Ce magistrat a rendu compte des plaidoiries dans le délibéré de la Cour, composée de :
Madame Carole DAUX-HARAND, Présidente de chambre
Madame Carole MENDOZA, Conseillère
Madame Florence PERRAUT, Conseillère
Greffier lors des débats : Mme Natacha BARBE.
Les parties ont été avisées que le prononcé de la décision aurait lieu par mise à disposition au greffe le 22 Mai 2025.
ARRÊT
Contradictoire,
Prononcé par mise à disposition au greffe le 22 Mai 2025
Signé par Madame Carole DAUX-HARAND, Présidente de chambre et Mme Natacha BARBE, greffier auquel la minute de la décision a été remise par le magistrat signataire.
***
EXPOSE DU LITIGE :
Monsieur [P] [J] et madame [Y] [M] sont propriétaires de lots au sein de l’ensemble immobilier, sis [Adresse 3] (83).
Par exploit d’huissier du 9 mars 2020, le syndicat des copropriétaires de l’ensemble immobilier, sis [Adresse 4] (83), représenté par son syndic en exercice, a fait assigner M. [J] et Mme [M], par devant le tribunal judiciaire de Draguignan, aux fins de la voir condamner solidairement à lui payer les sommes suivantes :
1 895,67 euros, au titre des charges impayées, avec intérêts à taux légal à compter de la mise en demeure du 17 novembre 2018 ;
30 euros, au titre des frais engagés par le syndicat des copropriétaires, avec intérêts à taux légal à compter de la mise en demeure du 17 novembre 2018 ;
9 000 euros à titre de dommages et intérêts en réparation de son préjudice subi ;
2 000 euros au titre de l’article 700 du code de procédure civile et aux entiers dépens.

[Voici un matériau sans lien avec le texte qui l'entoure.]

text \<open>The precision level \<open>\<Lambda> * exp (12 * \<kappa> * (K - A t))\<close> decays along the clock, but stays
  above \<open>\<Lambda>\<close> as long as \<open>A t \<le> K\<close>.\<close>

lemma log_lipschitz_gronwall_extend:
  assumes ab: "0 \<le> a" "a \<le> b" "b \<le> T"
    and small: "12 * \<kappa> * (A b - A a) \<le> 1" "2 * \<kappa> * (\<Lambda> * exp (12 * \<kappa> * K)) * (A b - A a) \<le> 1"
    and prev: "\<forall>s\<in>{0..a}. u s \<le> exp (- \<Lambda> * exp (12 * \<kappa> * (K - A a)))"
  shows "\<forall>s\<in>{0..b}. u s \<le> exp (- \<Lambda> * exp (12 * \<kappa> * (K - A b)))"
proof -
  define \<theta> where "\<theta> = \<Lambda> * exp (12 * \<kappa> * (K - A a))"
  have Aa: "0 \<le> A a" "A a \<le> K" using A(1,2) A(3)[of 0 a] A(3)[of a T] ab by auto
  have m: "0 \<le> A b - A a" using A(3) ab by simp
  have \<theta>: "\<Lambda> \<le> \<theta>" "\<theta> \<le> \<Lambda> * exp (12 * \<kappa> * K)"
    using mult_left_mono[of 1 "exp (12 * \<kappa> * (K - A a))" \<Lambda>]
      mult_left_mono[of "exp (12 * \<kappa> * (K - A a))" "exp (12 * \<kappa> * K)" \<Lambda>] Aa \<kappa> \<Lambda>
    by (simp_all add: \<theta>_def)
  have "\<forall>s\<in>{a..b}. u s \<le> exp (- \<theta> * exp (- 12 * \<kappa> * (A b - A a)))"
  proof (rule log_lipschitz_gronwall_step[OF \<kappa> _ ab(2)])
    show "0 \<le> \<theta>" using \<theta> \<Lambda> by simp
    show "continuous_on {a..b} u" using continuous_on_subset[OF u(1)] ab by auto
    show "0 \<le> u r" if "r \<in> {a..b}" for r using u(2) that ab by simp
    show "A a \<le> A s \<and> A s \<le> A b" if "s \<in> {a..b}" for s using A(3) that ab by simp
    show "12 * \<kappa> * (A b - A a) \<le> 1" by (fact small(1))
    have "2 * \<kappa> * \<theta> * (A b - A a) \<le> 2 * \<kappa> * (\<Lambda> * exp (12 * \<kappa> * K)) * (A b - A a)"
      using \<theta>(2) \<kappa> m by (intro mult_right_mono mult_left_mono) auto
    then show "2 * \<kappa> * \<theta> * (A b - A a) \<le> 1" using small(2) by linarith
    show "u a \<le> exp (- \<theta>)" using prev ab by (simp add: \<theta>_def)
    show "u s \<le> u a + \<kappa> * \<theta> * (W + 2 * exp (- \<theta>)) * (A s - A a)"
      if "s \<in> {a..b}" "\<forall>r\<in>{a..s}. u r \<le> W" for s W
      using incr[of a s \<theta> W] that ab \<theta> by simp
  qed
  moreover have "\<theta> * exp (- 12 * \<kappa> * (A b - A a)) = \<Lambda> * exp (12 * \<kappa> * (K - A b))"
    by (simp add: \<theta>_def mult.assoc flip: exp_add) (simp add: algebra_simps)
  ultimately have new: "\<forall>s\<in>{a..b}. u s \<le> exp (- \<Lambda> * exp (12 * \<kappa> * (K - A b)))" by simp
  have "exp (- \<Lambda> * exp (12 * \<kappa> * (K - A a))) \<le> exp (- \<Lambda> * exp (12 * \<kappa> * (K - A b)))"
    using m \<kappa> \<Lambda> by (auto intro!: mult_left_mono)
  then have old: "\<forall>s\<in>{0..a}. u s \<le> exp (- \<Lambda> * exp (12 * \<kappa> * (K - A b)))"
    using prev order.trans by blast
  show ?thesis
  proof
    fix s assume "s \<in> {0..b}"
    then show "u s \<le> exp (- \<Lambda> * exp (12 * \<kappa> * (K - A b)))" using new old by (cases "s \<le> a") auto
  qed
qed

Par jugement réputé contradictoire du 6 août 2021, le tribunal a :
— condamné solidairement M. [J] et Mme [M] à payer au syndicat des copropriétaires, pris en la personne de son syndic en exercice, la somme de 1641,01 euros, au titre des charges impayés, avec intérêts à taux légal à compter de la mise en demeure du 17 novembre 2018 ;
— condamné solidairement M. [J] et Mme [M] à payer au syndicat des copropriétaires, pris en la personne de son syndic en exercice, la somme de 1 000 euros, à titre de dommages et intérêts ;
— condamné solidairement M. [J] et Mme [M] à payer au syndicat des copropriétaires, pris en la personne de son syndic en exercice, la somme de 1 000 euros, sur le fondement de l’article 700 du code de procédure civile, outre les dépens incluant les frais d’hypothèque, de commandement de payer, les droits et émoluments d’huissier et le droit de recouvrement et d’encaissement ;
— débouté le syndicat des copropriétaires, pris en la personne de son syndic en exercice, de ses demandes.
Suivant déclaration au greffe en date du 2 août 2021,M. [J] et Mme [M] ont relevé appel du jugement, en toutes ses dispositions dûment reprises.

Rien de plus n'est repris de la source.